Irish Literature and Culture
- Course Number: ENGL 150
- Prerequisites:
Check on GOLD.
- Catalog Course Entry: ENGL 150
- Quarter: Spring 2017
This course will consider how a whole series of wishes, lies, dreams, and stereotypes about Ireland and the Irish were invented and believed. Ireland, like California, is a territory on the western edge of a continent about which whole mythologies have grown up.
In Ireland’s case, these mostly have to do with the supposed mystery of the place, its romantic and mythic connotations, or its violence, or its long bitter history. Who invented these versions of the place, and whose interests do they serve? Why do people continue to believe them? How many have they changed? We will consider how one small country has been imagined as “other” (as wild, strange, dangerous, fanatic) and how the Irish themselves both reinforce and oppose these self-images.

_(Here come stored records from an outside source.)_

(* Let $a$ be a strongly regular scale factor (extended evenly to negative arguments), and suppose that either (i) $\dot a(0^+)=0$ and there is $\epsilon>0$ with $\ddot a(t)\ge0$ on $(0,\epsilon)$, or (ii) $\infty>\dot a(0^+)>0$. Then the partial derivative $\partial_\rho g_{\tau\tau}$ (which exists at every point of $D$) is continuous on $D$.
   Context: A function $a:[0,\infty)\to[0,\infty)$ is a regular scale factor if: (a) $a(0)=0$; (b) $a$ is increasing and continuous on $[0,\infty)$, twice continuously differentiable on $(0,\infty)$, with an inverse function on $[0,\infty)$; (c) $\frac{a(t)\ddot a(t)}{\dot a(t)^2}\le1$ for all $t>0$ (presupposing $\dot a(t)\ne0$). It is strongly regular if also $\frac{a\ddot a}{\dot a^2}\ge-K$ on $(0,\infty)$ for a constant $K\ge1$. $\dot a(0^+)=\lim_{t\to0^+}\dot a(t)$. Extend $a$ by $a(-t)=a(t)$. For $\tau>0$, $\rho_{\mathcal M_\tau}=\int_0^\tau\frac{a(t)}{\sqrt{a^2(\tau)-a^2(t)}}dt$ and $D=\{(\tau,\rho):\tau>0,\ 0<\rho<2\rho_{\mathcal M_\tau}\}$. For $(\tau,\rho)\in D$, $t_0(\tau,\rho)$ is the unique $t_0\in(-\tau,\tau)$ with $\rho=\int_{t_0}^\tau\frac{a(t)}{\sqrt{a^2(\tau)-a^2(t)}}dt$. For $0\le t_0<\tau$, $f(\tau,t_0)=\int_{t_0}^{\tau}\frac{\ddot a(t)}{\dot a(t)^2}\left(\frac{\sqrt{a^2(\tau)-a^2(t_0)}}{\sqrt{a^2(\tau)-a^2(t)}}-1\right)dt$; for $-\tau<t_0<0$, $f(\tau,t_0)=2f(\tau,0)-f(\tau,-t_0)$. Finally $g_{\tau\tau}(\tau,\rho)=-[1-\dot a(\tau)f(\tau,t_0(\tau,\rho))]^2$ on $D$. *)

theory Defs
  imports "HOL-Analysis.Analysis"
begin

text \<open>Regular scale factor a : [0,inf) -> [0,inf) (values of a on negative reals are irrelevant here).\<close>
definition regular_scale_factor :: "(real \<Rightarrow> real) \<Rightarrow> bool" where
  "regular_scale_factor a \<longleftrightarrow>
     a 0 = 0 \<and>
     (\<forall>t\<ge>0. a t \<ge> 0) \<and>
     strict_mono_on {0..} a \<and>
     continuous_on {0..} a \<and>
     (\<forall>t>0. a differentiable (at t)) \<and>
     (\<forall>t>0. deriv a differentiable (at t)) \<and>
     continuous_on {0<..} (deriv (deriv a)) \<and>
     (\<forall>t>0. deriv a t \<noteq> 0 \<and>
            a t * deriv (deriv a) t / (deriv a t)\<^sup>2 \<le> 1)"

definition strongly_regular_scale_factor :: "(real \<Rightarrow> real) \<Rightarrow> bool" where
  "strongly_regular_scale_factor a \<longleftrightarrow>
     regular_scale_factor a \<and>
     (\<exists>K\<ge>1. \<forall>t>0. a t * deriv (deriv a) t / (deriv a t)\<^sup>2 \<ge> - K)"

definition rhoM :: "(real \<Rightarrow> real) \<Rightarrow> real \<Rightarrow> real" where
  "rhoM a \<tau> = integral {0..\<tau>} (\<lambda>t. a t / sqrt ((a \<tau>)\<^sup>2 - (a t)\<^sup>2))"

definition domD :: "(real \<Rightarrow> real) \<Rightarrow> (real \<times> real) set" where
  "domD a = {(\<tau>, \<rho>). \<tau> > 0 \<and> 0 < \<rho> \<and> \<rho> < 2 * rhoM a \<tau>}"

definition t0 :: "(real \<Rightarrow> real) \<Rightarrow> real \<Rightarrow> real \<Rightarrow> real" where
  "t0 a \<tau> \<rho> = (THE s. -\<tau> < s \<and> s < \<tau> \<and>
      \<rho> = integral {s..\<tau>} (\<lambda>t. a t / sqrt ((a \<tau>)\<^sup>2 - (a t)\<^sup>2)))"

definition fpos :: "(real \<Rightarrow> real) \<Rightarrow> real \<Rightarrow> real \<Rightarrow> real" where
  "fpos a \<tau> s = integral {s..\<tau>} (\<lambda>t. deriv (deriv a) t / (deriv a t)\<^sup>2 *
      (sqrt ((a \<tau>)\<^sup>2 - (a s)\<^sup>2) / sqrt ((a \<tau>)\<^sup>2 - (a t)\<^sup>2) - 1))"
lemma measurable_Lambda0_integrand:
  fixes G :: "real \<Rightarrow> ennreal"
  assumes [measurable]: "G \<in> borel_measurable borel"
  shows "(\<lambda>sx. indicator {0..<t} (fst sx) * G (fst sx)) \<in> borel_measurable \<Lambda>0"
  unfolding measurable_cong_sets[OF sets_Lambda0 refl] by measurable

text \<open>
  Only integrands of the form I{s < t} H(u) are needed. For them the inner integral is
  measurable by the kernel hypothesis on \<rho>, which avoids a monotone class argument over
  the measurable sets of W.
\<close>

definition disintegrates :: "real \<Rightarrow> (real \<Rightarrow> ennreal) \<Rightarrow> bool" where
  "disintegrates t H \<longleftrightarrow> (\<lambda>s. \<integral>\<^sup>+u. H u \<partial>\<rho> s) \<in> borel_measurable borel \<and>
    (\<integral>\<^sup>+w. indicator {w. fst (snd w) < t} w * H (fst w) \<partial>\<nu>)
      = (\<integral>\<^sup>+sx. indicator {0..<t} (fst sx) * (\<integral>\<^sup>+u. H u \<partial>\<rho> (fst sx)) \<partial>\<Lambda>0)"

lemma disintegrates_indicator:
  assumes A: "A \<in> sets (restrict_space borel {0..1})"
  shows "disintegrates t (indicator A)"
proof -
  have "A \<subseteq> {0..1}" "A \<in> sets borel"
    using A sets_restrict_space_iff[of "{0..1::real}" borel A] by auto
  define D where "D = A \<times> {0..<t} \<times> (UNIV :: 'x set)"
  then have D: "D \<in> sets (Wspace :: (real \<times> real \<times> 'x) measure)"
    using \<open>A \<subseteq> {0..1}\<close> \<open>A \<in> sets borel\<close> unfolding sets_Wspace_iff by (auto intro!: Times_in_borel)
  have "(\<integral>\<^sup>+w. indicator {w. fst (snd w) < t} w * indicator A (fst w) \<partial>\<nu>) = (\<integral>\<^sup>+w. indicator D w \<partial>\<nu>)"
    by (intro nn_integral_cong) (auto simp: space_nu D_def indicator_def)
  also have "\<dots> = emeasure \<nu> D"
    using D sets_nu by simp
  also have "\<dots> = (\<integral>\<^sup>+sx. indicator {0..<t} (fst sx) * emeasure (\<rho> (fst sx)) A \<partial>\<Lambda>0)"
    unfolding emeasure_nu[OF D] using A sets_rho
    by (intro nn_integral_cong) (auto simp: D_def indicator_def nn_integral_cmult_indicator[symmetric] intro!: nn_integral_cong)
  finally show ?thesis
    using emeasure_rho_measurable[OF A] A sets_rho by (simp add: disintegrates_def)
qed

lemma disintegrates_cong:
  assumes "\<And>u. u \<in> {0..1} \<Longrightarrow> F u = G u" and "disintegrates t G"
  shows "disintegrates t F"
proof -
  have "(\<integral>\<^sup>+u. F u \<partial>\<rho> s) = (\<integral>\<^sup>+u. G u \<partial>\<rho> s)" for s
    using assms(1) by (intro nn_integral_cong) (auto simp: space_rho)
  moreover have "(\<integral>\<^sup>+w. indicator {w. fst (snd w) < t} w * F (fst w) \<partial>\<nu>)
      = (\<integral>\<^sup>+w. indicator {w. fst (snd w) < t} w * G (fst w) \<partial>\<nu>)"
    using assms(1) by (intro nn_integral_cong) (auto simp: space_nu)
  ultimately show ?thesis
    using assms(2) by (simp add: disintegrates_def)
qed

lemma disintegrates_cmult:
  assumes F: "F \<in> borel_measurable (restrict_space borel {0..1})" and "disintegrates t F"
  shows "disintegrates t (\<lambda>u. c * F u)"
proof -
  have K: "(\<integral>\<^sup>+u. c * F u \<partial>\<rho> s) = c * (\<integral>\<^sup>+u. F u \<partial>\<rho> s)" for s
    using measurable_rho[OF F] by (rule nn_integral_cmult)
  have F_meas: "(\<lambda>s. \<integral>\<^sup>+u. F u \<partial>\<rho> s) \<in> borel_measurable borel"
    and F_eq: "(\<integral>\<^sup>+w. indicator {w. fst (snd w) < t} w * F (fst w) \<partial>\<nu>)
      = (\<integral>\<^sup>+sx. indicator {0..<t} (fst sx) * (\<integral>\<^sup>+u. F u \<partial>\<rho> (fst sx)) \<partial>\<Lambda>0)"
    using \<open>disintegrates t F\<close> by (simp_all add: disintegrates_def)
  have "(\<integral>\<^sup>+w. indicator {w. fst (snd w) < t} w * (c * F (fst w)) \<partial>\<nu>)
      = (\<integral>\<^sup>+w. c * (indicator {w. fst (snd w) < t} w * F (fst w)) \<partial>\<nu>)"
    by (simp only: mult.left_commute)
  also have "\<dots> = c * (\<integral>\<^sup>+sx. indicator {0..<t} (fst sx) * (\<integral>\<^sup>+u. F u \<partial>\<rho> (fst sx)) \<partial>\<Lambda>0)"
    using measurable_mark_integrand[OF F] by (simp add: nn_integral_cmult F_eq)
  also have "\<dots> = (\<integral>\<^sup>+sx. c * (indicator {0..<t} (fst sx) * (\<integral>\<^sup>+u. F u \<partial>\<rho> (fst sx))) \<partial>\<Lambda>0)"
    using measurable_Lambda0_integrand[OF F_meas] by (rule nn_integral_cmult[symmetric])
  also have "\<dots> = (\<integral>\<^sup>+sx. indicator {0..<t} (fst sx) * (\<integral>\<^sup>+u. c * F u \<partial>\<rho> (fst sx)) \<partial>\<Lambda>0)"
    by (simp only: K mult.left_commute)
  finally show ?thesis
    using F_meas by (simp add: disintegrates_def K)
qed
lemma fekete_subadditive:
  fixes g :: "nat \<Rightarrow> real"
  assumes subadd: "\<And>m n. g (m + n) \<le> g m + g n" and nonneg: "\<And>n. g n \<ge> 0"
  shows "(\<lambda>n. g n / real n) \<longlonglongrightarrow> (INF n\<in>{1..}. g n / real n)"
    (is "_ \<longlonglongrightarrow> ?L")
proof -
  have bdd: "bdd_below ((\<lambda>n. g n / real n) ` {1..})"
    by (rule bdd_belowI2[of _ 0]) (simp add: nonneg)
  show ?thesis
  proof (rule order_tendstoI)
    fix a assume "a < ?L"
    show "\<forall>\<^sub>F n in sequentially. a < g n / real n"
      using eventually_ge_at_top[of 1]
      by (rule eventually_mono) (rule less_le_trans[OF \<open>a < ?L\<close> cINF_lower[OF bdd]], simp)
  next
    fix a assume "?L < a"
    then obtain k where k: "k \<ge> 1" "g k / real k < a"
      using cINF_less_iff[OF _ bdd, of a] by force
    define M where "M = Max (g ` {..<k})"
    have M: "g r \<le> M" if "r < k" for r
      unfolding M_def using that by auto
    have "\<forall>\<^sub>F n in sequentially. M / real n < a - g k / real k"
      using order_tendstoD(2)[OF lim_const_over_n[of M]] k(2) by simp
    then show "\<forall>\<^sub>F n in sequentially. g n / real n < a"
      using eventually_ge_at_top[of 1]
    proof eventually_elim
      case (elim n)
      define q where "q = n div k"
      have qk: "real q * real k \<le> real n"
        unfolding q_def by (metis div_times_less_eq_dividend of_nat_le_iff of_nat_mult)
      have "g n \<le> real q * g k + g (n mod k)"
        using subadditive_mult_add_le[OF subadd, of q k "n mod k"] by (simp add: q_def)
      also have "\<dots> \<le> (real q * real k) * (g k / real k) + M"
        using M[of "n mod k"] k(1) by simp
      also have "\<dots> \<le> real n * (g k / real k) + M"
        using qk nonneg[of k] by (intro add_right_mono mult_right_mono) auto
      finally have "g n / real n \<le> g k / real k + M / real n"
        using elim by (simp add: field_simps)
      then show ?case using elim by simp
    qed
  qed
qed

lemma tendsto_over_n_bounded_perturbation:
  fixes f g :: "nat \<Rightarrow> real"
  assumes "(\<lambda>n. f n / real n) \<longlonglongrightarrow> L" and "\<And>n. \<bar>g n - f n\<bar> \<le> B"
  shows "(\<lambda>n. g n / real n) \<longlonglongrightarrow> L"
proof -
  have "(\<lambda>n. (g n - f n) / real n) \<longlonglongrightarrow> 0"
    by (rule Lim_null_comparison[OF _ lim_const_over_n[of B]])
       (auto intro!: always_eventually divide_right_mono assms(2))
  from tendsto_add[OF this assms(1)] show ?thesis
    by (simp add: diff_divide_distrib)
qed

lemma tendsto_nat_floor_mult_over_n:
  fixes r :: real
  assumes "r \<ge> 0"
  shows "(\<lambda>n. real (nat \<lfloor>r * real n\<rfloor>) / real n) \<longlonglongrightarrow> r"
proof (rule tendsto_sandwich)
  have "(\<lambda>n. r - 1 / real n) \<longlonglongrightarrow> r - 0" by (intro tendsto_intros)
  then show "(\<lambda>n. r - 1 / real n) \<longlonglongrightarrow> r" by simp
  show "\<forall>\<^sub>F n in sequentially. r - 1 / real n \<le> real (nat \<lfloor>r * real n\<rfloor>) / real n"
    using eventually_ge_at_top[of 1]
  proof eventually_elim
    case (elim n)
    have "r - 1 / real n = (r * real n - 1) / real n" using elim by (simp add: field_simps)
    also have "\<dots> \<le> real (nat \<lfloor>r * real n\<rfloor>) / real n"
      using assms real_of_int_floor_gt_diff_one[of "r * real n"] by (intro divide_right_mono) auto
    finally show ?case .
  qed
  show "\<forall>\<^sub>F n in sequentially. real (nat \<lfloor>r * real n\<rfloor>) / real n \<le> r"
    using eventually_ge_at_top[of 1]
  proof eventually_elim
    case (elim n)
    have "real (nat \<lfloor>r * real n\<rfloor>) \<le> r * real n" using assms by simp
    then show ?case using elim by (simp add: field_simps)
  qed
qed simp

lemma tendsto_over_n_floor_rescaled:
  fixes f :: "nat \<Rightarrow> real"
  assumes lim: "(\<lambda>n. f n / real n) \<longlonglongrightarrow> L" and "r > 0"
  shows "(\<lambda>n. f (nat \<lfloor>r * real n\<rfloor>) / real n) \<longlonglongrightarrow> r * L"
proof -
  define m where "m n = nat \<lfloor>r * real n\<rfloor>" for n
  have m: "filterlim m sequentially sequentially"
    unfolding m_def using \<open>r > 0\<close>
    by (intro filterlim_compose[OF filterlim_nat_sequentially]
          filterlim_compose[OF filterlim_floor_sequentially]
          filterlim_tendsto_pos_mult_at_top[OF tendsto_const _ filterlim_real_sequentially])
  have "(\<lambda>n. f (m n) / real (m n) * (real (m n) / real n)) \<longlonglongrightarrow> L * r"
    using filterlim_compose[OF lim m] tendsto_nat_floor_mult_over_n[of r] \<open>r > 0\<close>
    by (intro tendsto_mult) (auto simp: m_def o_def)
  moreover have "\<forall>\<^sub>F n in sequentially. f (m n) / real (m n) * (real (m n) / real n) = f (m n) / real n"
    using filterlim_at_top[THEN iffD1, OF m, rule_format, of 1]
    by (auto elim!: eventually_mono)
  ultimately show ?thesis
    unfolding m_def by (simp add: mult.commute Lim_transform_eventually)
qed

locale coarsely_invariant_metric_vector_space =
  fixes sm :: "'k::{real_normed_div_algebra,euclidean_space} \<Rightarrow> 'e::ab_group_add \<Rightarrow> 'e"
    and d :: "'e \<Rightarrow> 'e \<Rightarrow> real"
    and \<mu> :: "'k measure"
    and C0 C1 C2 C3 :: real
  assumes metric_vector_space: "metric_vector_space sm d"
    and translation_invariant: "translation_invariant C0 d"
    and lipschitz_multiplicative: "lipschitz_multiplicative C1 C2 C3 sm d"
    and right_haar_prob: "right_haar_prob \<mu>"
begin

abbreviation N0 :: "'e \<Rightarrow> real" where "N0 x \<equiv> d0 \<mu> sm d x 0"
abbreviation N :: "'e \<Rightarrow> real" where "N x \<equiv> delta0 \<mu> sm d x 0"

lemma K_vector_space: "K_vector_space sm"
  using metric_vector_space by (simp add: metric_vector_space_def)

lemma sm_add_right: "sm a (x + y) = sm a x + sm a y"
  and sm_add_left: "sm (a + b) x = sm a x + sm b x"
  and sm_sm: "sm a (sm b x) = sm (a * b) x"
  and sm_one: "sm 1 x = x"
  using K_vector_space by (simp_all add: K_vector_space_def)

lemma sm_zero_left: "sm 0 x = 0"
  using sm_add_left[of 0 0 x] by simp

lemma sm_zero_right: "sm a 0 = 0"
  using sm_add_right[of a 0 0] by simp

lemma sm_minus_one: "sm (-1) x = - x"
  using sm_add_left[of 1 "-1" x] by (simp add: sm_one sm_zero_left eq_neg_iff_add_eq_0 add.commute)

lemma Metric_space: "Metric_space UNIV d"
  using metric_vector_space by (simp add: metric_vector_space_def)

lemma d_nonneg: "d x y \<ge> 0"
  and d_self: "d x x = 0"
  and d_triangle: "d x z \<le> d x y + d y z"
  using Metric_space by (simp_all add: Metric_space_def)

lemma d_translate_le: "d (x + z) (y + z) \<le> d x y + C0"
  using translation_invariant by (simp add: translation_invariant_def)

lemma C0_nonneg: "C0 \<ge> 0"
  using d_translate_le[of 0 0 0] by (simp add: d_self)

lemma C1_ge_1: "C1 \<ge> 1" and C2_nonneg: "C2 \<ge> 0"
  using lipschitz_multiplicative by (simp_all add: lipschitz_multiplicative_def)

lemma d_scale_le: "d (sm c x) (sm c y) \<le> C1 * norm c * d x y + C2 * norm c + C3"
  using lipschitz_multiplicative by (simp add: lipschitz_multiplicative_def)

We will examine how some of the most important Irish writers in this century–W.B. Yeats in his poetry, James Joyce in Ulysses, J.M. Synge in “The Playboy of the Western World,” Eavan Boland in her poems to her daughters–have questioned what it means to be Irish. In representing versions of Irishness they take up issues — national identity, political violence, the rights of women, the role of religion, the effects of modernization — that matter not only to the Irish, but to all people.